Дед, который слышал эту историю много и уже давно ненавидит своего вечно счастливого соперника, офицера Иннокентия Кузакова, хмурится и перебивает старуху:
— Сука, родине изменил!
Но Дуся, увлеченная несбывшейся сказкой, уже и не слышит его:
— Кузаков говорит отцу: "Павел Иннокентьевич, отдай дочку-то, я ее выучу", — а тата ему отвечает: "Авдотью я свою никому не отдам!" — Дуся делает яростные глаза, свирепо выпячивает челюсть, изображая отца, который не уступил дочку колчаковскому офицеру Иннокентию… Неожиданно на хмельных покрасневших глазках Евдокии появляются слезы: —
А я бы выучилась!

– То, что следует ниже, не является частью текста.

lemma card_tS_subset: "A \<subseteq> fst (tS_graph t) \<Longrightarrow> card A \<le> 3 * t\<^sup>2 + t"
proof -
  assume A: "A \<subseteq> fst (tS_graph t)"
  have "finite (fst (tS_graph t))"
    using simple_graph_tS_graph unfolding simple_graph_def by simp
  then show ?thesis
    using card_mono[OF _ A] card_tS_vertices[of t] by linarith
qed

context biclique_with_apex
begin

lemma tS_parity_embedding:
  assumes sizes: "3 * t\<^sup>2 + t + 1 \<le> p" "p \<le> card S" "p \<le> card S'"
  shows "\<exists>\<phi>. graph_embedding (tS_graph t) (V, E) \<phi> \<and>
           (\<forall>w\<in>fst (tS_graph t). \<phi> w \<in> side (even (tS_depth w)))"
proof -
  have small: "card {w \<in> fst (tS_graph t). P w} \<le> p" for P
    using card_tS_subset[of "{w \<in> fst (tS_graph t). P w}" t] sizes(1) by auto
  have classes: "card {w \<in> fst (tS_graph t). even (tS_depth w)} \<le> card S"
    "card {w \<in> fst (tS_graph t). \<not> even (tS_depth w)} \<le> card S'"
    using small[of "\<lambda>w. even (tS_depth w)"] small[of "\<lambda>w. \<not> even (tS_depth w)"] sizes(2,3) by linarith+
  have "simple_graph (fst (tS_graph t), snd (tS_graph t))"
    using simple_graph_tS_graph by simp
  from bipartite_embedding[OF this classes tS_edge_parity] show ?thesis
    by simp
qed

lemma tS_nonedge_same_parity:
  assumes sizes: "3 * t\<^sup>2 + t + 1 \<le> p" "p \<le> card S" "p \<le> card S'"
    and ab: "a \<in> fst (tS_graph t)" "b \<in> fst (tS_graph t)" "even (tS_depth a) = even (tS_depth b)"
  shows "\<exists>\<phi>. graph_embedding (tS_graph t) (V, E) \<phi> \<and> {\<phi> a, \<phi> b} \<notin> E"
proof -
  obtain \<phi> where \<phi>: "graph_embedding (tS_graph t) (V, E) \<phi>"
    "\<forall>w\<in>fst (tS_graph t). \<phi> w \<in> side (even (tS_depth w))"
    using tS_parity_embedding[OF sizes] by blast
  then have "\<phi> a \<in> side (even (tS_depth a))" "\<phi> b \<in> side (even (tS_depth a))"
    using ab by auto
  then have "{\<phi> a, \<phi> b} \<notin> E"
    using edge_iff_sides_differ by simp
  with \<phi>(1) show ?thesis
    by blast
qed

lemma tS_nonedge_at_leg_vertex:
  assumes sizes: "3 * t\<^sup>2 + t + 1 \<le> p" "p \<le> card S" "p \<le> card S'"
    and u\<^sub>2: "{v, u\<^sub>2} \<in> E" "u\<^sub>2 \<noteq> u\<^sub>1"
    and x: "(i, j, k) \<in> fst (tS_graph t)" "1 \<le> k"
    and y: "y \<in> fst (tS_graph t)" "y \<noteq> (i, j, k)" "{(i, j, k), y} \<notin> snd (tS_graph t)"
      "even (tS_depth y) \<noteq> even k"
  shows "\<exists>\<phi>. graph_embedding (tS_graph t) (V, E) \<phi> \<and> {\<phi> (i, j, k), \<phi> y} \<notin> E"
proof -
  let ?x = "(i, j, k)" and ?W = "fst (tS_graph t)" and ?F = "snd (tS_graph t)"
  let ?below = "tS_below ?x"
  define n\<^sub>1 where "n\<^sub>1 = (if ?below y then tS_succ ?x else tS_pred ?x)"
  define n\<^sub>2 where "n\<^sub>2 = (if ?below y then tS_pred ?x else tS_succ ?x)"
  (* Edges avoiding x never join a vertex below x to one that is not, so flipping the parity
     colouring on the piece not containing y keeps it proper and moves n2 to the side of u2. *)
  define \<sigma> where
    "\<sigma> z = ((even (tS_depth z) = even (tS_depth y)) \<noteq> (u\<^sub>2 \<in> S' \<and> ?below z \<noteq> ?below y))" for z
  have small: "card {w \<in> ?W - {?x}. P w} \<le> p" for P
    using card_tS_subset[of "{w \<in> ?W - {?x}. P w}" t] sizes(1) by auto
  have classes: "card {w \<in> ?W - {?x}. \<sigma> w} \<le> card S" "card {w \<in> ?W - {?x}. \<not> \<sigma> w} \<le> card S'"
    using small[of \<sigma>] small[of "\<lambda>w. \<not> \<sigma> w"] sizes(2,3) by linarith+
  have proper: "\<sigma> a \<noteq> \<sigma> b" if "{a, b} \<in> ?F" "a \<noteq> ?x" "b \<noteq> ?x" for a b
    using tS_edge_parity[OF that(1)] tS_edge_below_iff[OF x(2) that] unfolding \<sigma>_def by auto
  have apex_edges: "z = n\<^sub>1 \<or> z = n\<^sub>2" if "{?x, z} \<in> ?F" for z
    using that tS_neighbours_of_leg_vertex[OF x] unfolding n\<^sub>1_def n\<^sub>2_def by auto
  have below_y: "k < t" if "?below y"
    using that y(1) by (cases y) (auto simp: tS_vertex_iff)
  have n\<^sub>1_in: "n\<^sub>1 \<in> ?W"
    using tS_pred_in_vertices[OF x] tS_succ_in_vertices_iff[OF x] below_y unfolding n\<^sub>1_def by auto
  have n_below: "?below n\<^sub>1 = ?below y" "?below n\<^sub>2 \<noteq> ?below y"
    using x(2) unfolding n\<^sub>1_def n\<^sub>2_def by auto
  have n_parity: "even (tS_depth n\<^sub>1) = even (tS_depth y)" "even (tS_depth n\<^sub>2) = even (tS_depth y)"
    using x(2) y(4) unfolding n\<^sub>1_def n\<^sub>2_def by (auto simp: tS_depth_def)
  have n_ne: "n\<^sub>1 \<noteq> ?x" "n\<^sub>2 \<noteq> ?x" "n\<^sub>2 \<noteq> n\<^sub>1"
    using n_parity y(4) x(2) unfolding n\<^sub>1_def n\<^sub>2_def by (auto simp: tS_depth_def)
  have "y \<noteq> tS_pred ?x" "k < t \<Longrightarrow> y \<noteq> tS_succ ?x"
    using y(3) tS_neighbours_of_leg_vertex[OF x] by auto
  then have y_ne: "y \<notin> {?x, n\<^sub>1, n\<^sub>2}"
    using y(2) below_y n_below unfolding n\<^sub>1_def n\<^sub>2_def by auto
  have "u\<^sub>2 \<in> S \<union> S'"
    using neighbour_of_apex_in_sides[OF u\<^sub>2(1)] .
  then have \<sigma>_n\<^sub>2: "\<sigma> n\<^sub>2 \<longleftrightarrow> u\<^sub>2 \<in> S"
    using n_below(2) n_parity(2) disjoint unfolding \<sigma>_def by auto
  have "simple_graph (?W, ?F)"
    using simple_graph_tS_graph by simp
  from apex_embedding[OF this classes proper apex_edges n\<^sub>1_in n_ne(1) _ n_ne(2,3) \<sigma>_n\<^sub>2 u\<^sub>2 y(1) y_ne]
  obtain \<phi> where "graph_embedding (?W, ?F) (V, E) \<phi>" "\<phi> ?x = v" "\<phi> y = u\<^sub>0"
    using n_below(1) n_parity(1) unfolding \<sigma>_def by auto
  then show ?thesis
    using non_neighbour(2) by auto
qed


lemma intersects_to_tS_graph:
  assumes sizes: "3 * t\<^sup>2 + t + 1 \<le> p" "p \<le> card S" "p \<le> card S'"
    and u\<^sub>2: "{v, u\<^sub>2} \<in> E" "u\<^sub>2 \<noteq> u\<^sub>1"
  shows "intersects_to (V, E) (tS_graph t)"
proof (rule intersects_to_if_nonedges_separated[OF simple simple_graph_tS_graph])
  show "\<exists>\<phi>. graph_embedding (tS_graph t) (V, E) \<phi>"
    using tS_parity_embedding[OF sizes] by blast
next
  fix a b assume ab: "a \<in> fst (tS_graph t)" "b \<in> fst (tS_graph t)" "a \<noteq> b"
    "{a, b} \<notin> snd (tS_graph t)"
  have leg: "\<exists>\<phi>. graph_embedding (tS_graph t) (V, E) \<phi> \<and> {\<phi> x, \<phi> y} \<notin> E"
    if "x \<in> fst (tS_graph t)" "y \<in> fst (tS_graph t)" "x \<noteq> y" "{x, y} \<notin> snd (tS_graph t)"
      "even (tS_depth x) \<noteq> even (tS_depth y)" "1 \<le> tS_depth x" for x y
    using tS_nonedge_at_leg_vertex[OF sizes u\<^sub>2, of "fst x" "fst (snd x)" "snd (snd x)" y] that
    by (auto simp: tS_depth_def)
  show "\<exists>\<phi>. graph_embedding (tS_graph t) (V, E) \<phi> \<and> {\<phi> a, \<phi> b} \<notin> snd (V, E)"
  proof (cases "even (tS_depth a) = even (tS_depth b)")
    case True
    then show ?thesis
      using tS_nonedge_same_parity[OF sizes ab(1,2)] by simp
  next
    case False
    then have "tS_depth a \<noteq> 0 \<or> tS_depth b \<noteq> 0"
      by auto
    then consider "1 \<le> tS_depth a" | "1 \<le> tS_depth b"
      by linarith
    then show ?thesis
    proof cases
      case 1
      then show ?thesis
        using leg[OF ab] False by simp
    next
      case 2
      have "{b, a} \<notin> snd (tS_graph t)" "{\<phi> b, \<phi> a} = {\<phi> a, \<phi> b}" for \<phi> :: "_ \<Rightarrow> 'a"
        using ab(4) by (simp_all add: insert_commute)
      then show ?thesis
        using leg[OF ab(2,1) _ _ _ 2] ab(3) False by auto
    qed
  qed
qed

lemma intersects_to_X_or_Y_and_tS_graphs:
  assumes sizes: "3 \<le> p" "p \<le> card S" "p \<le> card S'"
    and u\<^sub>2: "{v, u\<^sub>2} \<in> E" "u\<^sub>2 \<noteq> u\<^sub>1"
  shows "(intersects_to (V, E) (X_graph p) \<or> intersects_to (V, E) (Y_graph p)) \<and>
         (\<forall>t. 3 * t\<^sup>2 + t + 1 \<le> p \<longrightarrow> intersects_to (V, E) (tS_graph t))"
proof
  show "intersects_to (V, E) (X_graph p) \<or> intersects_to (V, E) (Y_graph p)"
  proof (cases "\<exists>w\<in>S'. {v, w} \<in> E")
    case True
    then obtain w where "w \<in> S'" "{v, w} \<in> E" "w \<noteq> u\<^sub>1"
      using neighbour(1) disjoint by blast
    then show ?thesis
      using intersects_to_Y_graph[OF sizes] by blast
  next
    case False
    then have "u\<^sub>2 \<in> S"
      using neighbour_of_apex_in_sides[OF u\<^sub>2(1)] u\<^sub>2(1) by blast
    then show ?thesis
      using intersects_to_X_graph[OF sizes u\<^sub>2] False by blast
  qed
  show "\<forall>t. 3 * t\<^sup>2 + t + 1 \<le> p \<longrightarrow> intersects_to (V, E) (tS_graph t)"
    using intersects_to_tS_graph sizes(2,3) u\<^sub>2 by blast
qed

Я такая была плясунья, такая певунья! Мне учиться хотелось! Богатые-то своих детей учили. А я подушку слезами оммочила! Я бы артисткой стала! А голосище какой был. Степа, я ведь при тебе пела! Степа, дай спою. — Дуся затягивает хриплым старушечьим голоском:
Ох, бедна, бедна девица
На свет я рождена…
Дед, облокотившись на стол, снисходительно слушает Евдокию, которая старательно выговаривает каждое слово песни, строит неведомо кому глазки, улыбается беззубым ртом, худенькая, красноносая, обутая в громадные валенки, из которых торчат ее тонкие ножки, обтянутые зелеными рейтузами.